Boomer scuttled over to Professor Replica’s computer and snatched it up, ripping away the power cable before tossing it into his cockpit. Sin-Eater squawked and ducked the lump of metal as it passed over her head and landed in one of the empty passenger seats.
Perry saw the seatbelts strap themselves around the computer tower before he, Wraith and Chemestro leapt for Boomer’s cockpit.
“Tag, you’re it!” a robot said, touching Perry’s ankle, an instant before Static Shock disabled it.
Well, I mean, if I’m ‘it’, I should go tag some other robots, Perry thought, hesitating mid-flight.
“Git in dere!” the translucent blonde shoved Perry as he turned to chase some of the other robots down. Up close, he could see she was wearing homespun peasant clothes and a fierce expression, moments before her arm transformed into an enormous hammer the size of his torso, striking him in the chest.
Perry tumbled backwards, flipping end-over-end before landing in one of Boomer’s passenger seats, leaving him feeling a bit scrambled. Wow, I’m gonna have to apologize to Nat for doing that to her.
Straps whipped themselves around his waist as Boomer dove straight down.

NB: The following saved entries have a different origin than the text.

lemma card_split_trees:
  assumes fin: "finite V" and x: "x \<in> V" and CsS: "Cs \<subseteq> S" and SV: "S \<subseteq> V - {x} - Cl"
    and ClV: "Cl \<subseteq> V - {x}"
  shows "real (card (split_trees V x Cs Cl S))
           = phi (card S) (card Cs) * phi (card V - 1 - card S) (card Cl)"
proof -
  have finS: "finite S" and xS: "x \<notin> S" using SV fin by (auto intro: finite_subset)
  have "real (card (rooted_trees (insert x S) x Cs)) = phi (card S) (card Cs)"
    using card_rooted_trees[of "insert x S" x Cs] CsS finS xS by auto
  moreover have "real (card (rooted_trees (V - S) x Cl)) = phi (card V - 1 - card S) (card Cl)"
  proof -
    have "card (V - S) = card V - card S" using card_Diff_subset[OF finS, of V] SV by auto
    then show ?thesis using card_rooted_trees[of "V - S" x Cl] SV ClV fin x xS by auto
  qed
  ultimately show ?thesis
    using bij_betw_same_card[OF split_trees_bij[OF x CsS SV]] by (simp add: card_cartesian_product)
qed

theorem card_trees_by_root_split:
  assumes fin: "finite V" and x: "x \<in> V"
  shows "real (card {E. is_tree V E \<and> card (lower_children E x) = k \<and> card (upper_children E x) = l
                        \<and> card (hanging_vertices E x (lower_children E x)) = m})
    = real (card (root_splits V x k l m)) * phi m k * phi (card V - 1 - m) l"
proof -
  let ?A = "{E. is_tree V E \<and> card (lower_children E x) = k \<and> card (upper_children E x) = l
                \<and> card (hanging_vertices E x (lower_children E x)) = m}"
  have finR: "finite (root_splits V x k l m)"
    by (rule finite_subset[of _ "Pow V \<times> Pow V \<times> Pow V"]) (use fin in \<open>auto simp: root_splits_def\<close>)
  have "card ?A = (\<Sum>q\<in>root_splits V x k l m. card {E\<in>?A. root_split E x = q})"
    unfolding card_eq_sum
    by (rule sum.group[symmetric])
      (use fin finR root_split_in_root_splits in \<open>auto intro: finite_subset[OF _ finite_trees]\<close>)
  also have "\<dots> = (\<Sum>(Cs, Cl, S)\<in>root_splits V x k l m. card (split_trees V x Cs Cl S))"
  proof (rule sum.cong[OF refl], clarify)
    fix Cs Cl S assume q: "(Cs, Cl, S) \<in> root_splits V x k l m"
    then have "{E\<in>?A. root_split E x = (Cs, Cl, S)} = {E. is_tree V E \<and> root_split E x = (Cs, Cl, S)}"
      unfolding root_split_def root_splits_def by auto
    then show "card {E\<in>?A. root_split E x = (Cs, Cl, S)} = card (split_trees V x Cs Cl S)"
      using root_split_fibre[OF q] by simp
  qed
  finally have "real (card ?A) = (\<Sum>(Cs, Cl, S)\<in>root_splits V x k l m. real (card (split_trees V x Cs Cl S)))"
    by (simp add: case_prod_beta)
  also have "\<dots> = (\<Sum>q\<in>root_splits V x k l m. phi m k * phi (card V - 1 - m) l)"
  proof (rule sum.cong[OF refl], clarify)
    fix Cs Cl S assume "(Cs, Cl, S) \<in> root_splits V x k l m"
    then have "Cs \<subseteq> S" "S \<subseteq> V - {x} - Cl" "Cl \<subseteq> V - {x}" "card Cs = k" "card Cl = l" "card S = m"
      unfolding root_splits_def by auto
    then show "real (card (split_trees V x Cs Cl S)) = phi m k * phi (card V - 1 - m) l"
      using card_split_trees[OF fin x] by simp
  qed
  finally show ?thesis by simp
qed

lemma upper_vandermonde: "(\<Sum>i\<le>n. (i choose k) * ((n - i) choose l)) = Suc n choose (k + l + 1)"
proof (induction n arbitrary: l)
  case 0
  then show ?case by (cases k; cases l) auto
next
  case (Suc n)
  show ?case
  proof (cases l)
    case 0
    then show ?thesis using sum_choose_upper[of k "Suc n"] by (simp del: sum.atMost_Suc)
  next
    case (Suc l')
    have "(\<Sum>i\<le>Suc n. (i choose k) * ((Suc n - i) choose l))
        = (\<Sum>i\<le>n. (i choose k) * ((n - i) choose l') + (i choose k) * ((n - i) choose l))"
      using Suc by (simp add: Suc_diff_le algebra_simps)
    also have "\<dots> = (Suc n choose (k + l' + 1)) + (Suc n choose (k + l + 1))"
      by (simp add: sum.distrib Suc.IH)
    also have "\<dots> = Suc (Suc n) choose (k + l + 1)" using Suc by simp
    finally show ?thesis .
  qed
qed
(* In the setting below, under one of the mechanisms (g), (mp), (mn) with corresponding label $\square$, for each $1\le k\le n_1$ let $\mathcal I^\alpha_{\texttt t,k}=\{c\in\mathbb R:\tilde p^{\square}_{\texttt t,k,c}>\alpha\}$. Then $\mathcal I^\alpha_{\texttt t,k}$ is a $1-\alpha$ prediction set for $\tau_{\texttt t(k)}$ (i.e. $\mathbb P(\tau_{\texttt t(k)}\in\mathcal I^\alpha_{\texttt t,k})\ge1-\alpha$), it is a one-sided interval of the form $[\hat\tau_{\texttt t(k)},\infty)$ or $(\hat\tau_{\texttt t(k)},\infty)$ with $\hat\tau_{\texttt t(k)}=\inf\mathcal I^\alpha_{\texttt t,k}$, and these sets are simultaneously valid: $\mathbb P\big(\tau_{\texttt t(k)}\in\mathcal I^\alpha_{\texttt t,k}\text{ for all }1\le k\le n_1\big)\ge1-\alpha$.
   Context: There are $n$ units with fixed potential outcomes $Y_i^\star(0),Y_i^\star(1)\in\mathbb R$ and fixed potential missingness indicators $M_i(0),M_i(1)\in\{0,1\}$; $\tau_i=Y_i^\star(1)-Y_i^\star(0)$. $\boldsymbol Z\in\{0,1\}^n$ is from a completely randomized experiment (CRE): uniform over vectors with exactly $n_1$ ones ($n_1,n_0\ge1$ fixed, $n_1+n_0=n$), independent of all potential quantities. $M_i=Z_iM_i(1)+(1-Z_i)M_i(0)$; the realized outcome $Z_iY_i^\star(1)+(1-Z_i)Y_i^\star(0)$ is observed, denoted $Y_i$, iff $M_i=1$. $\tau_{\texttt t(1)}\le\dots\le\tau_{\texttt t(n_1)}$ are the sorted values of $\{\tau_i:Z_i=1\}$. Mechanisms: (g) $M_i(1),M_i(0)$ arbitrary constants; (mp) $M_i(1)\ge M_i(0)$ for all $i$; (mn) $M_i(1)\le M_i(0)$ for all $i$. Statistics: $\overline{\mathbb R}=\mathbb R\cup\{\pm\infty\}$; $\psi_{i,j}(y,y')=\mathbf 1\{y>y'\}+\mathbf 1\{y=y'\}\mathbf 1\{i\ge j\}$; $\mathrm{rank}_i(\boldsymbol y)=\sum_j\psi_{i,j}(y_i,y_j)$; $\phi$ nondecreasing on the nonnegative integers; $t_{\mathrm R,\phi}(\boldsymbol z,\boldsymbol y)$ is either $\sum_i z_i\phi(\mathrm{rank}_i(\boldsymbol y))$ or $\sum_i z_i\phi(\sum_j(1-z_j)\psi_{i,j}(y_i,y_j))$; $G_{\mathrm R,\phi}(c)=\mathbb P(t_{\mathrm R,\phi}(\boldsymbol A,\boldsymbol y_0)\ge c)$, $\boldsymbol A$ from the CRE, $\boldsymbol y_0\in\mathbb R^n$ any fixed vector. p-values: for $\boldsymbol\delta\in\mathbb R^n$, $\tilde{\boldsymbol Y}^{\square}_{\boldsymbol Z,\boldsymbol\delta}(0)\in\overline{\mathbb R}^n$ has coordinate $Y_i-\delta_i$ if $Z_i=M_i=1$, $Y_i$ if $Z_i=0,M_i=1$; if $Z_i=1,M_i=0$ it is $-\infty,+\infty,-\infty$ for $\square=\texttt g,\texttt{mp},\texttt{mn}$; if $Z_i=0,M_i=0$ it is $+\infty,+\infty,-\infty$ respectively. With $\mathcal J=\{i:Z_i=M_i=1\}=\{j_1,\dots,j_{n_{11}}\}$ ordered so that $\psi_{j_{l+1},j_l}(Y_{j_{l+1}},Y_{j_l})=1$, $\mathcal J_L=\{j_{n_{11}-L+1},\dots,j_{n_{11}}\}$, $\mathcal J_0=\emptyset$, and fixed $\kappa>0$, let $\xi_{k,c,i}=\max_{l:Z_l=M_l=1}Y_l-\min_{l:Z_l=0,M_l=1}Y_l+\kappa$ for $i\in\mathcal J_{\min\{n_1-k,n_{11}\}}$ and $\xi_{k,c,i}=c$ otherwise; then $\tilde p^{\square}_{\texttt t,k,c}=G_{\mathrm R,\phi}(t_{\mathrm R,\phi}(\boldsymbol Z,\tilde{\boldsymbol Y}^{\square}_{\boldsymbol Z,\boldsymbol\xi_{k,c}}(0)))$. *)

theory Defs
  imports Complex_Main "HOL-Library.Extended_Real"
begin

text \<open>Units are indexed by 0,...,n-1. An assignment vector Z is represented by its set of
treated units. Missingness indicators are booleans (True = outcome observed).\<close>

datatype mech = Mg | Mmp | Mmn

definition psi :: "nat \<Rightarrow> nat \<Rightarrow> 'a::linorder \<Rightarrow> 'a \<Rightarrow> nat" where
  "psi i j y y' = (if y > y' then 1 else 0) + (if y = y' \<and> i \<ge> j then 1 else 0)"

definition tstat :: "bool \<Rightarrow> (nat \<Rightarrow> real) \<Rightarrow> nat \<Rightarrow> nat set \<Rightarrow> (nat \<Rightarrow> ereal) \<Rightarrow> real" where
  "tstat v phi n z y =
     (if v then (\<Sum>i<n. if i \<in> z then phi (\<Sum>j<n. psi i j (y i) (y j)) else 0)
      else (\<Sum>i<n. if i \<in> z then phi (\<Sum>j<n. if j \<notin> z then psi i j (y i) (y j) else 0) else 0))"

definition cre :: "nat \<Rightarrow> nat \<Rightarrow> nat set set" where
  "cre n n1 = {z. z \<subseteq> {..<n} \<and> card z = n1}"

definition prob_cre :: "nat \<Rightarrow> nat \<Rightarrow> (nat set \<Rightarrow> bool) \<Rightarrow> real" where
  "prob_cre n n1 P = real (card {z \<in> cre n n1. P z}) / real (card (cre n n1))"

definition Gfun :: "bool \<Rightarrow> (nat \<Rightarrow> real) \<Rightarrow> nat \<Rightarrow> nat \<Rightarrow> (nat \<Rightarrow> real) \<Rightarrow> real \<Rightarrow> real" where
  "Gfun v phi n n1 y0 c = prob_cre n n1 (\<lambda>a. tstat v phi n a (\<lambda>i. ereal (y0 i)) \<ge> c)"

definition Mobs :: "(nat \<Rightarrow> bool) \<Rightarrow> (nat \<Rightarrow> bool) \<Rightarrow> nat set \<Rightarrow> nat \<Rightarrow> bool" where
  "Mobs M1 M0 Z i = (if i \<in> Z then M1 i else M0 i)"

definition Yobs :: "(nat \<Rightarrow> real) \<Rightarrow> (nat \<Rightarrow> real) \<Rightarrow> nat set \<Rightarrow> nat \<Rightarrow> real" where
  "Yobs Y1 Y0 Z i = (if i \<in> Z then Y1 i else Y0 i)"

text \<open>Imputed control potential outcome vector in extended reals.\<close>
definition Ytil :: "mech \<Rightarrow> nat set \<Rightarrow> (nat \<Rightarrow> bool) \<Rightarrow> (nat \<Rightarrow> real) \<Rightarrow> (nat \<Rightarrow> real) \<Rightarrow> nat \<Rightarrow> ereal" where
  "Ytil m Z Mo Yo \<delta> i =
     (if i \<in> Z then (if Mo i then ereal (Yo i - \<delta> i)
                     else (case m of Mg \<Rightarrow> -\<infinity> | Mmp \<Rightarrow> \<infinity> | Mmn \<Rightarrow> -\<infinity>))
      else (if Mo i then ereal (Yo i)
            else (case m of Mg \<Rightarrow> \<infinity> | Mmp \<Rightarrow> \<infinity> | Mmn \<Rightarrow> -\<infinity>)))"

definition Jset :: "nat \<Rightarrow> nat set \<Rightarrow> (nat \<Rightarrow> bool) \<Rightarrow> nat set" where
  "Jset n Z Mo = {i \<in> {..<n}. i \<in> Z \<and> Mo i}"

definition Cobs :: "nat \<Rightarrow> nat set \<Rightarrow> (nat \<Rightarrow> bool) \<Rightarrow> nat set" where
  "Cobs n Z Mo = {i \<in> {..<n}. i \<notin> Z \<and> Mo i}"

text \<open>Position (1-based) of unit i in the ordering j_1,...,j_{n11} of J.\<close>
definition rankJ :: "nat \<Rightarrow> nat set \<Rightarrow> (nat \<Rightarrow> bool) \<Rightarrow> (nat \<Rightarrow> real) \<Rightarrow> nat \<Rightarrow> nat" where
  "rankJ n Z Mo Yo i = (\<Sum>j\<in>Jset n Z Mo. psi i j (Yo i) (Yo j))"

definition JL :: "nat \<Rightarrow> nat set \<Rightarrow> (nat \<Rightarrow> bool) \<Rightarrow> (nat \<Rightarrow> real) \<Rightarrow> nat \<Rightarrow> nat set" where
  "JL n Z Mo Yo L = {i \<in> Jset n Z Mo. rankJ n Z Mo Yo i > card (Jset n Z Mo) - L}"

definition xi :: "nat \<Rightarrow> nat \<Rightarrow> real \<Rightarrow> nat set \<Rightarrow> (nat \<Rightarrow> bool) \<Rightarrow> (nat \<Rightarrow> real) \<Rightarrow> nat \<Rightarrow> real \<Rightarrow> nat \<Rightarrow> real" where
  "xi n n1 kap Z Mo Yo k c i =
     (if i \<in> JL n Z Mo Yo (min (n1 - k) (card (Jset n Z Mo)))
      then Max (Yo ` Jset n Z Mo) - Min (Yo ` Cobs n Z Mo) + kap
      else c)"

definition pval :: "bool \<Rightarrow> (nat \<Rightarrow> real) \<Rightarrow> nat \<Rightarrow> nat \<Rightarrow> (nat \<Rightarrow> real) \<Rightarrow> mech \<Rightarrow> real
     \<Rightarrow> (nat \<Rightarrow> bool) \<Rightarrow> (nat \<Rightarrow> real) \<Rightarrow> nat set \<Rightarrow> nat \<Rightarrow> real \<Rightarrow> real" where
  "pval v phi n n1 y0 m kap Mo Yo Z k c =
     Gfun v phi n n1 y0 (tstat v phi n Z (Ytil m Z Mo Yo (xi n n1 kap Z Mo Yo k c)))"

text \<open>k-th smallest (1-based, with multiplicity) of the treated effects.\<close>
definition tau_sorted :: "(nat \<Rightarrow> real) \<Rightarrow> nat set \<Rightarrow> nat \<Rightarrow> real" where
  "tau_sorted tau Z k = sort (map tau (sorted_list_of_set Z)) ! (k - 1)"

end

(* Let W be the control outcome vector in which every missing control outcome is imputed by
   the extreme value the mechanism prescribes (ctrl_imputed).  W does not depend on the
   assignment, and the null distribution G of a rank statistic does not depend on the scores,
   so G (t (Z, W)) is a randomization p-value: it is at most alpha with probability at most alpha.
   Outside that event fix k and the shift c = tau_t(k).  The units of J_L are shifted below
   every observed control outcome, at most n1 - k treated units have an effect above tau_t(k),
   and every other imputed treated score lies below the corresponding entry of W; comparing the
   empirical distributions of the control ranks gives t (Z, Ytil) <= t (Z, W).  Since G is
   antitone, the p-value at tau_t(k) then exceeds alpha for all k at once.  Finally the p-value
   is nondecreasing in c, so every prediction set is an upper ray. *)

theory Submission
  imports Defs "HOL-Library.Product_Lexorder"
begin

section \<open>Ranks with ties broken by the unit index\<close>

declare less_eq_prod_simp [simp del] less_prod_simp [simp del]
lemma measurable_PiM_density_kernel:
  fixes f :: "'a \<Rightarrow> real \<Rightarrow> real"
  assumes f: "(\<lambda>(y, t). f y t) \<in> borel_measurable (M \<Otimes>\<^sub>M borel)"
    and one: "\<And>y. y \<in> space M \<Longrightarrow> (\<integral>\<^sup>+t. ennreal (f y t) \<partial>lborel) = 1"
    and I: "finite I"
  shows "(\<lambda>y. PiM I (\<lambda>_. density lborel (\<lambda>t. ennreal (f y t))))
           \<in> measurable M (subprob_algebra (PiM I (\<lambda>_. borel :: real measure)))"
proof -
  let ?K = "\<lambda>y. PiM I (\<lambda>_. density lborel (\<lambda>t. ennreal (f y t)))"
  have fy: "f y \<in> borel_measurable borel" if "y \<in> space M" for y
    using measurable_Pair2[OF f that] by simp
  have box: "(\<lambda>y. emeasure (?K y) (Pi\<^sub>E I E)) \<in> borel_measurable M"
    if E: "\<And>j. j \<in> I \<Longrightarrow> E j \<in> sets borel" for E
  proof -
    have "(\<lambda>y. \<Prod>j\<in>I. \<integral>\<^sup>+t. ennreal (f y t) * indicator (E j) t \<partial>lborel) \<in> borel_measurable M"
    proof (intro borel_measurable_prod_ennreal lborel.borel_measurable_nn_integral[unfolded split_beta'])
      fix j assume "j \<in> I"
      then have [measurable]: "E j \<in> sets borel" by (rule E)
      have "(\<lambda>(y, t). f y t) \<in> borel_measurable (M \<Otimes>\<^sub>M lborel)"
        using f by (simp add: measurable_cong_sets[OF sets_pair_measure_cong[OF refl sets_lborel] refl])
      then show "(\<lambda>x. ennreal (f (fst x) (snd x)) * indicator (E j) (snd x)) \<in> borel_measurable (M \<Otimes>\<^sub>M lborel)"
        by measurable
    qed
    then show ?thesis
      using fy one by (subst measurable_cong) (auto simp: emeasure_PiM_density_box[OF _ _ I E])
  qed
  show ?thesis
  proof (rule measurable_subprob_algebra_generated[OF sets_PiM Int_stable_prod_algebra
        prod_algebra_sets_into_space])
    fix y assume y: "y \<in> space M"
    show "subprob_space (?K y)"
      using prob_space_density_lborel[OF fy[OF y] one[OF y]]
      by (intro prob_space_imp_subprob_space prob_space_PiM) auto
    show "sets (?K y) = sets (PiM I (\<lambda>_. borel))"
      by (rule sets_PiM_cong) simp_all
  next
    fix A assume "A \<in> prod_algebra I (\<lambda>_. borel :: real measure)"
    then show "(\<lambda>y. emeasure (?K y) A) \<in> borel_measurable M"
      using I box by (auto simp: prod_algebra_eq_finite)
  qed (use box in simp)
qed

Chemestro closed his eyes and the entire mech slipped into the earth
“Dive deep, I don’t want to get hit by nukes or any of those satellite lasers.” Perry said.
“Do not speak to me,” Chemestro said, but Perry could feel their downward momentum increase as they put hundreds of feet of solid stone between themselves and the replicators.
Once they were acceptably deep, they could make a break for Franklin City.
One moment they were having the uncomfortable experience of passing through stone, and the next, they were passing through nothing at all.
Air? Perry thought with a frown.
“Did we hit a cave?” Sin-Eater asked, leaning forward.
“I can’t see, lemme just-“
Fwoosh.
Boomer launched a flare, illuminating the cavern. It stretched out of sight, miles in every direction, disappearing into the distance with the curvature of the earth. Solid steel pillars the size of mountains supporting the ceiling.
On the ground, millions upon millions of replicators swarmed, looking like ants from this vantage point, hard at work making more of themselves, preparing to crush humanity.
“We should go back up,” Perry murmured as the replicators stopped what they were doing to look up at them, an action that rippled through the endless sea of robots as they communicated wordlessly with each other.